From the entries that follow, reproduce exactly and only the lines from the line with "be the reflection" to the line with "with \<open>R y\<close>", endpoints included.

[Dataset entries]
=== Begin Enclosure ===

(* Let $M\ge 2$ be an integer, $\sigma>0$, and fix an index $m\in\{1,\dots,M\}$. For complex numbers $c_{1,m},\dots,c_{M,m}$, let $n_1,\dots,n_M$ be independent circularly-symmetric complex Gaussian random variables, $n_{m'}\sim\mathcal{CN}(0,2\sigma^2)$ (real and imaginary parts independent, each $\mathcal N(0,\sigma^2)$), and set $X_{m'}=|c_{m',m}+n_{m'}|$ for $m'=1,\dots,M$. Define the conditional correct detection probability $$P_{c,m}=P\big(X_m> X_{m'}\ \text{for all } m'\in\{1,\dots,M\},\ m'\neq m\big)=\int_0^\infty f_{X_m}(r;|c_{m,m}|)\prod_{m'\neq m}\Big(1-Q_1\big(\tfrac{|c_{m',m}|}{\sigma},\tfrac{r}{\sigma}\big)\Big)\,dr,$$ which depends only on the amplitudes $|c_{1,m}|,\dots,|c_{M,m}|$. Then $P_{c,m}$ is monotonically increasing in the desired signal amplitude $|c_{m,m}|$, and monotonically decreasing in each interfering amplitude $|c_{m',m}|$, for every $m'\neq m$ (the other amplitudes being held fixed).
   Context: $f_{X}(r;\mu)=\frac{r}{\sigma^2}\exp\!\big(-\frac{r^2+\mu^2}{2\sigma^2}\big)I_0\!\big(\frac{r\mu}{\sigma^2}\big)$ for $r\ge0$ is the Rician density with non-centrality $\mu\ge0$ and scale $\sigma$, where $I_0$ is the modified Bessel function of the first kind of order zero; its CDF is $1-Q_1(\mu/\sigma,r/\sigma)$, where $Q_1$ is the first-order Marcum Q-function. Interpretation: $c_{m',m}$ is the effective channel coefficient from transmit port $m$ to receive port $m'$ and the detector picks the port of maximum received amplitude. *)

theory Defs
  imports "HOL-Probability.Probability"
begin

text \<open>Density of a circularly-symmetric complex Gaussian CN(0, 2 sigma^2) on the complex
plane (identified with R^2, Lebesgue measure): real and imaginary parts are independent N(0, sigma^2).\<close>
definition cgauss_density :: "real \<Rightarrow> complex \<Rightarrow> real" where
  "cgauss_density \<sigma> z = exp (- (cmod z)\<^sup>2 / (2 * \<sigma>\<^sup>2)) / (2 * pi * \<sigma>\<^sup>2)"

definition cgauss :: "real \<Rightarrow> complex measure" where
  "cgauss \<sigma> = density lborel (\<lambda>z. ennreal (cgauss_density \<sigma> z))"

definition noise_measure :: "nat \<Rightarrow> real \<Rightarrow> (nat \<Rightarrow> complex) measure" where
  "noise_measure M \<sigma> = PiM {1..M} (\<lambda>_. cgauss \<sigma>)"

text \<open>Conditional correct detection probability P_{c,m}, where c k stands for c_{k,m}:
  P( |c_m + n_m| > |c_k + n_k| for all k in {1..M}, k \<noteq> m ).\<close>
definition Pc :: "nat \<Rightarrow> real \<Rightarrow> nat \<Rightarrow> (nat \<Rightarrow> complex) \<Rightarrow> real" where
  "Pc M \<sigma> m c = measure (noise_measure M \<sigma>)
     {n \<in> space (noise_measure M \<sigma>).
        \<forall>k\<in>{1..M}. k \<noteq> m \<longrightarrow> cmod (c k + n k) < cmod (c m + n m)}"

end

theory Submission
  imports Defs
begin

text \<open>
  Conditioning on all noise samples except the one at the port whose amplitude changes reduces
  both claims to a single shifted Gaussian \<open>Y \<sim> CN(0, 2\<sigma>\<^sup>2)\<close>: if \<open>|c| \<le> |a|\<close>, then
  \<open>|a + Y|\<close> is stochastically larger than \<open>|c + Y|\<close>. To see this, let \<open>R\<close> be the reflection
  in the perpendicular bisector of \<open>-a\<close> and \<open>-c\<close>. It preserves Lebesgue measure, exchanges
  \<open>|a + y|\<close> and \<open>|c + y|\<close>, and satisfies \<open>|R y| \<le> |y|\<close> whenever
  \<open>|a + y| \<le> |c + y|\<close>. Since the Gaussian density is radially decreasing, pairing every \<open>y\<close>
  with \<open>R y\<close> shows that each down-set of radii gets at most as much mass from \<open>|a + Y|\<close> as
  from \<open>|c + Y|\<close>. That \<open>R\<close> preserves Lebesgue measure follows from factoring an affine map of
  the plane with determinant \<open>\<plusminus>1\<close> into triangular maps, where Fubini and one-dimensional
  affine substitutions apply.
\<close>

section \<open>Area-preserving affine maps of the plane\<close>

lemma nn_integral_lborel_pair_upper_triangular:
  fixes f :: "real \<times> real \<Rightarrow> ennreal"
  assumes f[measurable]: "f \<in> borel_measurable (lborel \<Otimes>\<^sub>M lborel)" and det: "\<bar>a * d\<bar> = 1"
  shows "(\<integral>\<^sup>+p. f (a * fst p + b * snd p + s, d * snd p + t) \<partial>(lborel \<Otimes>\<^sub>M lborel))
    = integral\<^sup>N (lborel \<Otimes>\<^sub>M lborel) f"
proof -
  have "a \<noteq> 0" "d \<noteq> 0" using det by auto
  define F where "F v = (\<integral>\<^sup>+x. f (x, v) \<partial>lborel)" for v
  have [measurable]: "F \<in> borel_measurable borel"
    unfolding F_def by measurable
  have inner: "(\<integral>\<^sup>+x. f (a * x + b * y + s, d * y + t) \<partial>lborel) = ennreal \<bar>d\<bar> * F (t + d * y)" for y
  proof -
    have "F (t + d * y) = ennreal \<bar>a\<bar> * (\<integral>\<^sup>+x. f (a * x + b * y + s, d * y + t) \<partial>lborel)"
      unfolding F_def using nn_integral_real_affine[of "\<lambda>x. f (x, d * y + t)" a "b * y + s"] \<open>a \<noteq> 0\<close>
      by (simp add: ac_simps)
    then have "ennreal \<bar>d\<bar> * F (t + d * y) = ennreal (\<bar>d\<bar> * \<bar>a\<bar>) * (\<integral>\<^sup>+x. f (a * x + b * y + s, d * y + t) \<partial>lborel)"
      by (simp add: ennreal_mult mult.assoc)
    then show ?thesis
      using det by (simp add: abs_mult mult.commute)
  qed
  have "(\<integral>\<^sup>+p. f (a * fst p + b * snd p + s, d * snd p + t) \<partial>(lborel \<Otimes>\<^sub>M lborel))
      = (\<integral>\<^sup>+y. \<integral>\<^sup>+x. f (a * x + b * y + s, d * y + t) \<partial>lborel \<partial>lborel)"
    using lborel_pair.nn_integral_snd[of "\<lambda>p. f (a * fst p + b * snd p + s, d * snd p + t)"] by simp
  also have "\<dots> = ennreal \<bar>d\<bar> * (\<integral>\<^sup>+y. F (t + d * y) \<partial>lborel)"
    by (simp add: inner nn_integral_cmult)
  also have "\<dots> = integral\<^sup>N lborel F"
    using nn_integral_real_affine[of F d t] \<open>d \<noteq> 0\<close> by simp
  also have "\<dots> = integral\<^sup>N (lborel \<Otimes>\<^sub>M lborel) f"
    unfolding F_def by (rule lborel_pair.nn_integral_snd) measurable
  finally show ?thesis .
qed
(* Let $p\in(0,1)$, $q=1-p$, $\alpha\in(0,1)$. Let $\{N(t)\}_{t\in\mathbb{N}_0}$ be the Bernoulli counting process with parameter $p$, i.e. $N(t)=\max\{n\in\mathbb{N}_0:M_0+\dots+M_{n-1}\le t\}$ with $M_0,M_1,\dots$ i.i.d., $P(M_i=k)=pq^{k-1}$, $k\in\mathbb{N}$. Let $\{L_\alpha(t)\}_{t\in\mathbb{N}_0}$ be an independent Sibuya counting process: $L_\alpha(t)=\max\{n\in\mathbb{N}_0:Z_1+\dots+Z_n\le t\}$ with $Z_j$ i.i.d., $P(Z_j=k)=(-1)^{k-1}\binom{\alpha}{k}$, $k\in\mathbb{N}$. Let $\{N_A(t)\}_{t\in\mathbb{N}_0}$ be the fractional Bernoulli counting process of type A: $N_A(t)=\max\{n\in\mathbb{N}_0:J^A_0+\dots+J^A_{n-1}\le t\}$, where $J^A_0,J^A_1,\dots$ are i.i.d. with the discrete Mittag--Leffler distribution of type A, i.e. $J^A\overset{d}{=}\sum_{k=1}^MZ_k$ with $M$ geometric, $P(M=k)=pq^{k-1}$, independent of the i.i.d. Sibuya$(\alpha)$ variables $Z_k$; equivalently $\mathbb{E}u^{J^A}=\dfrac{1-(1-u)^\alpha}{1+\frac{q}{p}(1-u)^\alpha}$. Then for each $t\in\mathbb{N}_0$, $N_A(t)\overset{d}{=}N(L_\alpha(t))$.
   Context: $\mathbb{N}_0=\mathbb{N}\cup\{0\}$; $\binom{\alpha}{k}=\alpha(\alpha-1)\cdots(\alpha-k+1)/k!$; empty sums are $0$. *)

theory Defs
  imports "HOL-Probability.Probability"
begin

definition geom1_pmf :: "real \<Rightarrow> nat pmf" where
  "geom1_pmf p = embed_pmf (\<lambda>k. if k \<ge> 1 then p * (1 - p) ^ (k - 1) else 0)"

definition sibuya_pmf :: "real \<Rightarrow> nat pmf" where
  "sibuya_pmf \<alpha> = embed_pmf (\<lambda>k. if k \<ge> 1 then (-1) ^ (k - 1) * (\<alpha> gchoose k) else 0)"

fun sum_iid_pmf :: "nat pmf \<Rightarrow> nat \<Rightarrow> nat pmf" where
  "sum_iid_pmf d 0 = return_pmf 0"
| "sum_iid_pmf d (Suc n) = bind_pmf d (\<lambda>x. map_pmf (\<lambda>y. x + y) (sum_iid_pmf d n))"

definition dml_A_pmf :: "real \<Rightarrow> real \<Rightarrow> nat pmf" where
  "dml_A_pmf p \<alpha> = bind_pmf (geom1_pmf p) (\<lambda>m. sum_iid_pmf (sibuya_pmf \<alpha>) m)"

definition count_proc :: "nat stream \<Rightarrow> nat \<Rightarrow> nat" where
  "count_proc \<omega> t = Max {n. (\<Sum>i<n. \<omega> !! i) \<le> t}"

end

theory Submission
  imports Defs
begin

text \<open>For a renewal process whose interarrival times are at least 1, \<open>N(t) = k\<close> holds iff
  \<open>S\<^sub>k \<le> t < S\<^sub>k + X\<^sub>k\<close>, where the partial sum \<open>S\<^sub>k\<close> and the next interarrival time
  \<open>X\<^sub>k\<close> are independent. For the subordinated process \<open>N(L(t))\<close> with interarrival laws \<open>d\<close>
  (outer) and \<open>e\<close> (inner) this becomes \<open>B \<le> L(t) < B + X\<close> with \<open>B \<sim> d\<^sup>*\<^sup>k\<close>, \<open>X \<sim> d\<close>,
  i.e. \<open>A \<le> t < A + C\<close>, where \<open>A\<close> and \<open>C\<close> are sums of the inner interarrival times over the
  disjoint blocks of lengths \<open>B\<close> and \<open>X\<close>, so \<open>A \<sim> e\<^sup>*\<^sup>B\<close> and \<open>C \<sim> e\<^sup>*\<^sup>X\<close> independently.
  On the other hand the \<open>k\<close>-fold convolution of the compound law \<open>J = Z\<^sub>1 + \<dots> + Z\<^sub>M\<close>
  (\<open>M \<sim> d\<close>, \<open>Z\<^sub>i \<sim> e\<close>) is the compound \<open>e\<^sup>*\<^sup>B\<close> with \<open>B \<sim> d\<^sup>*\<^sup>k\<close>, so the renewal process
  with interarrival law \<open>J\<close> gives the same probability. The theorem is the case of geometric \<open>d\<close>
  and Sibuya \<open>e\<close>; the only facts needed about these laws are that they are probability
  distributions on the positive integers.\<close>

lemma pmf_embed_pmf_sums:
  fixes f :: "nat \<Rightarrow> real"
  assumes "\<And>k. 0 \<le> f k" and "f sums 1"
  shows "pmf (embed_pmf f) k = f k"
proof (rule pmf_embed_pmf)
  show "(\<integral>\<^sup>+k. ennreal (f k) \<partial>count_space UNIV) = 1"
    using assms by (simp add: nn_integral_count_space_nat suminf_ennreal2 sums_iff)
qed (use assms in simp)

=== End Enclosure ===

--- COMPLETED EXERCISE ---
  \<open>|a + Y|\<close> is stochastically larger than \<open>|c + Y|\<close>. To see this, let \<open>R\<close> be the reflection
  in the perpendicular bisector of \<open>-a\<close> and \<open>-c\<close>. It preserves Lebesgue measure, exchanges
  \<open>|a + y|\<close> and \<open>|c + y|\<close>, and satisfies \<open>|R y| \<le> |y|\<close> whenever
  \<open>|a + y| \<le> |c + y|\<close>. Since the Gaussian density is radially decreasing, pairing every \<open>y\<close>
  with \<open>R y\<close> shows that each down-set of radii gets at most as much mass from \<open>|a + Y|\<close> as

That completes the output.